Stored data below:

lemma gbinom_2_mult_gbinom_2_1:
  fixes q :: real
  assumes "q > 1"
  shows "gbinom q n 2 * gbinom q 2 1 = gbinom q n 1 * gbinom q (n - 1) 1"
proof -
  have "q ^ 2 > 1" using assms by (intro one_less_power) auto
  then show ?thesis using assms by (simp add: gbinom_def numeral_2_eq_2)
qed

text \<open>The case k > 0 amounts to [k-1, 1] \<le> [k, 2], i.e. [2, 1] \<le> [k, 1].\<close>
lemma gbinom_1_minus_gbinom_2_le:
  fixes q :: real
  assumes q: "q > 1"
  shows "gbinom q k 1 - q * gbinom q k 2 \<le> (if k = 0 then 0 else 1)"
proof (cases k)
  case 0
  then show ?thesis by (simp add: gbinom_def)
next
  case (Suc j)
  have "gbinom q 2 1 = q + 1" using q unfolding gbinom_1 by (simp add: power2_eq_square field_simps)
  then have k2: "gbinom q k 2 * (q + 1) = gbinom q k 1 * gbinom q j 1"
    using gbinom_2_mult_gbinom_2_1[OF q, of k] Suc by simp
  have "gbinom q j 1 \<le> gbinom q k 2"
  proof (cases "j = 0")
    case True
    then show ?thesis using Suc by (simp add: gbinom_def numeral_2_eq_2)
  next
    case False
    have "q + 1 \<le> gbinom q k 1"
      using gbinom_Suc_1[of q j] one_le_gbinom_1[OF q, of j] False Suc q by simp
    moreover have "0 \<le> gbinom q j 1" using one_le_gbinom_1[OF q, of j] False by simp
    ultimately have "gbinom q j 1 * (q + 1) \<le> gbinom q j 1 * gbinom q k 1"
      by (rule mult_left_mono)
    then have "gbinom q j 1 * (q + 1) \<le> gbinom q k 2 * (q + 1)"
      unfolding k2 by (simp only: mult.commute)
    then show ?thesis using q by simp
  qed
  then have "q * gbinom q j 1 \<le> q * gbinom q k 2" using q by simp
  then show ?thesis using gbinom_Suc_1[of q j] q Suc by simp
qed

lemma gbinom_2_mult_gbinom_1_le:
  fixes q :: real
  assumes q: "q \<ge> 2" and a: "1 \<le> a" and n: "1 \<le> n" and E: "2 * n + a + 1 \<le> E"
  shows "q ^ 3 * gbinom q n 2 * gbinom q a 1 \<le> gbinom q E 1"
proof -
  have pos: "0 \<le> q ^ k - 1" for k using q by (simp add: one_le_power)
  have "q ^ 3 * ((q ^ n - 1) * (q ^ (n - 1) - 1)) * (q ^ a - 1) \<le> q ^ 3 * (q ^ n * q ^ (n - 1)) * q ^ a"
    using q pos by (intro mult_mono) auto
  also have "\<dots> = q ^ (2 * n + a + 2)" using n by (simp flip: power_add)
  also have "\<dots> \<le> q ^ (E + 1)" using q E by (intro power_increasing) auto
  also have "\<dots> \<le> (q ^ E - 1) * (q + 1)"
  proof -
    have "q ^ 2 \<le> q ^ E" using q E n by (intro power_increasing) auto
    moreover have "2 * q \<le> q * q" using q by (intro mult_right_mono) auto
    then have "q + 1 \<le> q ^ 2" using q unfolding power2_eq_square by linarith
    ultimately show ?thesis by (simp add: algebra_simps)
  qed
  also have "\<dots> \<le> (q ^ E - 1) * ((q + 1) * (q - 1) * (q - 1))"
  proof -
    have "1 \<le> (q - 1) * (q - 1)" using mult_mono[of 1 "q - 1" 1 "q - 1"] q by simp
    then have "(q + 1) * 1 \<le> (q + 1) * ((q - 1) * (q - 1))" using q by (intro mult_left_mono) auto
    then show ?thesis using pos[of E] by (intro mult_left_mono) (simp_all add: mult.assoc)
  qed
  finally have core: "q ^ 3 * ((q ^ n - 1) * (q ^ (n - 1) - 1)) * (q ^ a - 1)
                      \<le> (q ^ E - 1) * ((q + 1) * (q - 1) * (q - 1))" .
  define X where "X = (q ^ n - 1) * (q ^ (n - 1) - 1)"
  define D where "D = (q + 1) * (q - 1) * (q - 1)"
  have D: "D > 0" using q by (simp add: D_def)
  have "q ^ 2 - 1 = (q + 1) * (q - 1)" by (simp add: power2_eq_square algebra_simps)
  then have "gbinom q n 2 = X / D"
    by (simp add: gbinom_def numeral_2_eq_2 X_def D_def)
  then have "q ^ 3 * gbinom q n 2 * gbinom q a 1 = q ^ 3 * X * (q ^ a - 1) / (D * (q - 1))"
    unfolding gbinom_1 by simp
  also have "\<dots> \<le> (q ^ E - 1) * D / (D * (q - 1))"
    using core D q by (intro divide_right_mono) (simp_all add: X_def D_def)
  also have "\<dots> = gbinom q E 1" using D unfolding gbinom_1 by simp
  finally show ?thesis .
qed

lemma Nprime_mult_gbinom:
  fixes q :: real
  assumes q: "q > 1" and am: "a < m" and m\<nu>: "m \<le> \<nu>"
  shows "Nprime q a m \<nu> * gbinom q (m - a) 1 = gbinom q (2 * (\<nu> - a)) 1 * Nprime q (Suc a) m \<nu>"
proof -
  obtain k where k: "m - a = Suc k" using am by (metis Suc_diff_Suc)
  define g where "g i = (q ^ (2 * (\<nu> - m + i)) - 1) / (q ^ i - 1)" for i
  have "m - Suc a = k" using k by simp
  then have "Nprime q a m \<nu> = prod g {1..Suc k}" "Nprime q (Suc a) m \<nu> = prod g {1..k}"
    using am k by (simp_all add: Nprime_def g_def)
  moreover have "g (Suc k) * gbinom q (Suc k) 1 = gbinom q (2 * (\<nu> - a)) 1"
  proof -
    have "q ^ Suc k > 1" using q by (intro one_less_power) auto
    then have "q ^ Suc k \<noteq> 1" by simp
    moreover have "\<nu> - m + Suc k = \<nu> - a" using k m\<nu> by simp
    ultimately show ?thesis using q unfolding g_def gbinom_1 by (simp del: power_Suc)
  qed
  ultimately show ?thesis by (simp add: prod.cl_ivl_Suc k mult_ac)
qed

lemma Nprime_pos:
  fixes q :: real
  assumes "q > 1" "a \<le> m" "m \<le> \<nu>"
  shows "Nprime q a m \<nu> > 0"
  using assms by (auto simp: Nprime_def one_less_power intro!: prod_pos divide_pos_pos)

lemma Nprime_nonneg: "(q::real) > 1 \<Longrightarrow> m \<le> \<nu> \<Longrightarrow> Nprime q a m \<nu> \<ge> 0"
  using Nprime_pos[of q a m \<nu>] by (cases "a \<le> m") (auto simp: Nprime_def)

lemma s0_lower_bound:
  fixes q :: real
  assumes q: "q \<ge> 2" and m1: "t + 1 \<le> m1" "m1 \<le> \<nu>" and m2: "t + 1 \<le> m2"
    and dim: "m1 + 2 * m2 - t + 4 \<le> 2 * \<nu>"
  shows "(gbinom q (m2 - t + 1) 1 - q powi (-2)) * Nprime q (t + 1) m1 \<nu> \<le> s0 q \<nu> m1 (m2 + 1) t"
proof -
  define n where "n = m2 - t + 1"
  have q1: "q > 1" using q by simp
  have "q * gbinom q n 2 * Nprime q (t + 2) m1 \<nu> \<le> Nprime q (t + 1) m1 \<nu> / q ^ 2"
  proof (cases "m1 = t + 1")
    case True
    then show ?thesis using Nprime_nonneg[OF q1 m1(2), of "t + 1"] by (simp add: Nprime_def)
  next
    case False
    define a where "a = m1 - (t + 1)"
    define E where "E = 2 * (\<nu> - (t + 1))"
    have a: "1 \<le> a" and "a > 0" using False m1 by (simp_all add: a_def)
    have "q ^ 3 * gbinom q n 2 * gbinom q a 1 \<le> gbinom q E 1"
      using dim m1 m2 False
      by (intro gbinom_2_mult_gbinom_1_le[OF q a]) (auto simp: n_def a_def E_def)
    then have "q ^ 3 * gbinom q n 2 * gbinom q a 1 * Nprime q (t + 2) m1 \<nu>
               \<le> gbinom q E 1 * Nprime q (t + 2) m1 \<nu>"
      using Nprime_nonneg[OF q1 m1(2)] by (intro mult_right_mono) auto
    also have "\<dots> = Nprime q (t + 1) m1 \<nu> * gbinom q a 1"
      using Nprime_mult_gbinom[OF q1 _ m1(2), of "t + 1"] False m1 by (simp add: a_def E_def)
    finally have "(q * gbinom q n 2 * Nprime q (t + 2) m1 \<nu>) * (q ^ 2 * gbinom q a 1)
                  \<le> (Nprime q (t + 1) m1 \<nu> / q ^ 2) * (q ^ 2 * gbinom q a 1)"
      using q by (simp add: power3_eq_cube power2_eq_square mult_ac)
    moreover have "q ^ 2 * gbinom q a 1 > 0" using gbinom_1_pos[OF q1 \<open>a > 0\<close>] q by simp
    ultimately show ?thesis by (simp only: mult_le_cancel_right_pos)
  qed
  moreover have "m2 - t + 1 = n" "m2 + 1 - t = n" using m2 by (simp_all add: n_def)
  ultimately show ?thesis
    unfolding s0_def by (simp add: power_int_minus algebra_simps divide_inverse)
qed

section \<open>Subspaces over a finite field\<close>

lemma sum_card_incidences:
  fixes R :: "'a \<Rightarrow> 'b \<Rightarrow> bool"
  assumes "finite S" "finite E"
  shows "(\<Sum>x\<in>S. card {y \<in> E. R y x}) = (\<Sum>y\<in>E. card {x \<in> S. R y x})"
  using sum.swap_restrict[OF assms, of "\<lambda>_ _. 1::nat" "\<lambda>x y. R y x"] by simp

lemma double_counting:
  fixes R :: "'a \<Rightarrow> 'b \<Rightarrow> bool"
  assumes "finite S" "finite E"
    and "\<And>x. x \<in> S \<Longrightarrow> real (card {y \<in> E. R y x}) = c"
    and "\<And>y. y \<in> E \<Longrightarrow> real (card {x \<in> S. R y x}) = d"
  shows "real (card S) * c = real (card E) * d"
proof -
  have "(\<Sum>x\<in>S. real (card {y \<in> E. R y x})) = (\<Sum>y\<in>E. real (card {x \<in> S. R y x}))"
    using arg_cong[OF sum_card_incidences[OF assms(1,2), of R], of real] by simp
  then show ?thesis using assms(3,4) by simp
qed

lemma two_le_card_field: "2 \<le> CARD('a::{finite,field})"
proof -
  have "card {0::'a, 1} \<le> CARD('a)" by (rule card_mono) auto
  then show ?thesis by simp
qed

End of Stored data.

(Your assignment) In the entries above, restate word for word the lines between the one holding "ultimately show ?thesis by (simp add: prod.cl_ivl_Suc" and the one holding "t + 4 \<le> 2", inclusive, and nothing besides.

(Response below)
  ultimately show ?thesis by (simp add: prod.cl_ivl_Suc k mult_ac)
qed

lemma Nprime_pos:
  fixes q :: real
  assumes "q > 1" "a \<le> m" "m \<le> \<nu>"
  shows "Nprime q a m \<nu> > 0"
  using assms by (auto simp: Nprime_def one_less_power intro!: prod_pos divide_pos_pos)

lemma Nprime_nonneg: "(q::real) > 1 \<Longrightarrow> m \<le> \<nu> \<Longrightarrow> Nprime q a m \<nu> \<ge> 0"
  using Nprime_pos[of q a m \<nu>] by (cases "a \<le> m") (auto simp: Nprime_def)

lemma s0_lower_bound:
  fixes q :: real
  assumes q: "q \<ge> 2" and m1: "t + 1 \<le> m1" "m1 \<le> \<nu>" and m2: "t + 1 \<le> m2"
    and dim: "m1 + 2 * m2 - t + 4 \<le> 2 * \<nu>"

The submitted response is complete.